→ **Source information**
══════

(* Assume $m\le n$. Then there do not exist distinct Generalized Nash equilibria $\mathbf{x}=(\mathbf{x}_1,\dots,\mathbf{x}_n)$ and $\mathbf{y}=(\mathbf{y}_1,\dots,\mathbf{y}_n)$ of $G^{(2)}$ such that $\mathbf{x}_T^{(j)}\le\mathbf{y}_T^{(j)}$ for all $j\in[m]$ and $\sum_{j\in[m]}\mathbf{x}_T^{(j)}<\sum_{j\in[m]}\mathbf{y}_T^{(j)}$.
   Context: $G^{(2)}$ is a Fragile multi-CPR Game with $n\ge1$ players and $m\ge1$ CPRs: $[k]=\{1,\dots,k\}$, $C_m=\{(x_1,\dots,x_m)\in[0,1]^m:\sum_j x_j\le1\}$, $\mathcal{C}_n=\prod_{i\in[n]}C_m$, $\mathcal{C}_{-i}=\prod_{[n]\setminus\{i\}}C_m$. A profile is $\mathbf{x}=(\mathbf{x}_1,\dots,\mathbf{x}_n)$, $\mathbf{x}_i=(x_{i1},\dots,x_{im})$; write $\mathbf{x}=(\mathbf{x}_i,\mathbf{x}_{-i})$; $\mathbf{x}_T^{(j)}=\sum_i x_{ij}$, $\mathbf{x}_T^{j|i}=\sum_{\ell\ne i}x_{\ell j}$. Each CPR $j$ has return rate $\mathcal{R}_j(t)>1$ and failure probability $p_j(t)\in[0,1]$; each player $i$ has parameters $a_i,k_i$. $\mathcal{F}_{ij}(t)=(\mathcal{R}_j(t)-1)^{a_i}(1-p_j(t))-k_ip_j(t)$; utility $\mathcal{V}_i(\mathbf{x}_i;\mathbf{x}_{-i})=\sum_j x_{ij}^{a_i}\mathcal{F}_{ij}(\mathbf{x}_T^{(j)})$. Assumption: (1) $p_j(0)=0$, $p_j(t)=1$ for $t\ge1$; (2) $a_i\in(0,1]$, $k_i>0$; (3) each $\mathcal{F}_{ij}$ (continuous on $[0,1]$) has strictly negative first and second derivatives on $(0,1)$. $\omega_{ij}\in(0,1)$ is the unique zero of $\mathcal{F}_{ij}$ in $(0,1)$. $A(\mathbf{x}_{-i})=\{j:\mathbf{x}_T^{j|i}<\omega_{ij}\}$. $\vartheta_i(\mathbf{x}_{-i})=C_m\cap\big(\prod_{j\in A(\mathbf{x}_{-i})}[0,\omega_{ij}-\mathbf{x}_T^{j|i}]\times\prod_{j\notin A(\mathbf{x}_{-i})}\{0\}\big)$. A Generalized Nash equilibrium is $\mathbf{x}\in\mathcal{C}_n$ with, for all $i$, $\mathbf{x}_i\in\vartheta_i(\mathbf{x}_{-i})$ and $\mathcal{V}_i(\mathbf{x}_i;\mathbf{x}_{-i})\ge\mathcal{V}_i(\mathbf{z};\mathbf{x}_{-i})$ for all $\mathbf{z}\in\vartheta_i(\mathbf{x}_{-i})$. *)

theory Defs
  imports "HOL-Analysis.Analysis"
begin

text \<open>Players are indexed by {1..n}, CPRs by {1..m}.
  A strategy of a player is a function z :: nat => real that vanishes outside {1..m};
  a profile is x :: nat => nat => real with x i j the investment of player i in CPR j,
  vanishing outside {1..n} x {1..m}.
  Parameters: R j t (return rate of CPR j), p j t (failure probability of CPR j),
  a i, k i (player parameters).\<close>

definition strat_space :: "nat \<Rightarrow> (nat \<Rightarrow> real) set" where
  "strat_space m = {z. (\<forall>j\<in>{1..m}. 0 \<le> z j \<and> z j \<le> 1) \<and> (\<forall>j. j \<notin> {1..m} \<longrightarrow> z j = 0)
                       \<and> (\<Sum>j\<in>{1..m}. z j) \<le> 1}"

definition profiles :: "nat \<Rightarrow> nat \<Rightarrow> (nat \<Rightarrow> nat \<Rightarrow> real) set" where
  "profiles n m = {x. (\<forall>i\<in>{1..n}. x i \<in> strat_space m) \<and> (\<forall>i. i \<notin> {1..n} \<longrightarrow> x i = (\<lambda>_. 0))}"

definition xT :: "nat \<Rightarrow> (nat \<Rightarrow> nat \<Rightarrow> real) \<Rightarrow> nat \<Rightarrow> real" where
  "xT n x j = (\<Sum>i\<in>{1..n}. x i j)"

definition xT_oth :: "nat \<Rightarrow> (nat \<Rightarrow> nat \<Rightarrow> real) \<Rightarrow> nat \<Rightarrow> nat \<Rightarrow> real" where
  "xT_oth n x i j = (\<Sum>l\<in>{1..n} - {i}. x l j)"

definition FF :: "(nat \<Rightarrow> real \<Rightarrow> real) \<Rightarrow> (nat \<Rightarrow> real \<Rightarrow> real) \<Rightarrow> (nat \<Rightarrow> real) \<Rightarrow> (nat \<Rightarrow> real)
                  \<Rightarrow> nat \<Rightarrow> nat \<Rightarrow> real \<Rightarrow> real" where
  "FF R p a k i j t = (R j t - 1) powr (a i) * (1 - p j t) - k i * p j t"

definition VV :: "nat \<Rightarrow> nat \<Rightarrow> (nat \<Rightarrow> real \<Rightarrow> real) \<Rightarrow> (nat \<Rightarrow> real \<Rightarrow> real) \<Rightarrow> (nat \<Rightarrow> real) \<Rightarrow> (nat \<Rightarrow> real)
                  \<Rightarrow> nat \<Rightarrow> (nat \<Rightarrow> real) \<Rightarrow> (nat \<Rightarrow> nat \<Rightarrow> real) \<Rightarrow> real" where
  "VV n m R p a k i z x = (\<Sum>j\<in>{1..m}. z j powr (a i) * FF R p a k i j (z j + xT_oth n x i j))"

definition omega :: "(nat \<Rightarrow> real \<Rightarrow> real) \<Rightarrow> (nat \<Rightarrow> real \<Rightarrow> real) \<Rightarrow> (nat \<Rightarrow> real) \<Rightarrow> (nat \<Rightarrow> real)
                  \<Rightarrow> nat \<Rightarrow> nat \<Rightarrow> real" where
  "omega R p a k i j = (THE w. w \<in> {0<..<1} \<and> FF R p a k i j w = 0)"

definition Aset :: "nat \<Rightarrow> nat \<Rightarrow> (nat \<Rightarrow> real \<Rightarrow> real) \<Rightarrow> (nat \<Rightarrow> real \<Rightarrow> real) \<Rightarrow> (nat \<Rightarrow> real) \<Rightarrow> (nat \<Rightarrow> real)
                  \<Rightarrow> nat \<Rightarrow> (nat \<Rightarrow> nat \<Rightarrow> real) \<Rightarrow> nat set" where
  "Aset n m R p a k i x = {j\<in>{1..m}. xT_oth n x i j < omega R p a k i j}"

definition feas :: "nat \<Rightarrow> nat \<Rightarrow> (nat \<Rightarrow> real \<Rightarrow> real) \<Rightarrow> (nat \<Rightarrow> real \<Rightarrow> real) \<Rightarrow> (nat \<Rightarrow> real) \<Rightarrow> (nat \<Rightarrow> real)
                  \<Rightarrow> nat \<Rightarrow> (nat \<Rightarrow> nat \<Rightarrow> real) \<Rightarrow> (nat \<Rightarrow> real) set" where
  "feas n m R p a k i x = {z \<in> strat_space m.
      (\<forall>j\<in>Aset n m R p a k i x. 0 \<le> z j \<and> z j \<le> omega R p a k i j - xT_oth n x i j) \<and>
      (\<forall>j\<in>{1..m} - Aset n m R p a k i x. z j = 0)}"

definition GNE :: "nat \<Rightarrow> nat \<Rightarrow> (nat \<Rightarrow> real \<Rightarrow> real) \<Rightarrow> (nat \<Rightarrow> real \<Rightarrow> real) \<Rightarrow> (nat \<Rightarrow> real) \<Rightarrow> (nat \<Rightarrow> real)
                  \<Rightarrow> (nat \<Rightarrow> nat \<Rightarrow> real) \<Rightarrow> bool" where
  "GNE n m R p a k x \<longleftrightarrow> x \<in> profiles n m \<and>
     (\<forall>i\<in>{1..n}. x i \<in> feas n m R p a k i x \<and>
        (\<forall>z\<in>feas n m R p a k i x. VV n m R p a k i (x i) x \<ge> VV n m R p a k i z x))"

end

theory Submission
  imports Defs
begin

text \<open>Suppose some player i invests more in total at y than at x. Then she invests strictly
  more at y in some CPR j, i.e. u = x i j < v = y i j, although the load S on j at x is at most
  the load T at y. Her payoff from j is t powr a * F (t + c) with F = FF R p a k i j decreasing and concave.
  At x she has unused budget, so raising u does not pay; at y lowering v does not pay. The
  first-order conditions give a F(S) + u F'(S) \<le> 0 \<le> a F(T) + v F'(T), which is impossible
  since F(T) \<le> F(S) and F'(T) \<le> F'(S) < 0. So every player's total investment at y is at most
  that at x, and summing over the players contradicts the strict inequality between the
  aggregate loads.\<close>

lemma powr_mult_shift_has_real_derivative:
  fixes F :: "real \<Rightarrow> real"
  assumes "0 < u" and "(F has_real_derivative D) (at (u + c))"
  shows "((\<lambda>t. t powr a * F (t + c)) has_real_derivative
           u powr (a - 1) * (a * F (u + c) + u * D)) (at u)"
proof -
  have "((\<lambda>t. F (t + c)) has_real_derivative D) (at u)"
    using assms(2) DERIV_shift by blast
  from DERIV_mult[OF has_real_derivative_powr[OF assms(1)] this]
  have "((\<lambda>t. t powr a * F (t + c)) has_real_derivative
          a * u powr (a - 1) * F (u + c) + u powr a * D) (at u)"
    by (simp add: mult.commute)
  moreover have "u powr a = u powr (a - 1) * u"
    using assms(1) by (simp add: powr_diff)
  ultimately show ?thesis
    by (simp add: algebra_simps)
qed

══════

→ **Work order**
Only lines with the word "assms" are wanted. Find and copy them from the records above.

→ **Expected answer**
    using assms(2) DERIV_shift by blast
  from DERIV_mult[OF has_real_derivative_powr[OF assms(1)] this]
    using assms(1) by (simp add: powr_diff)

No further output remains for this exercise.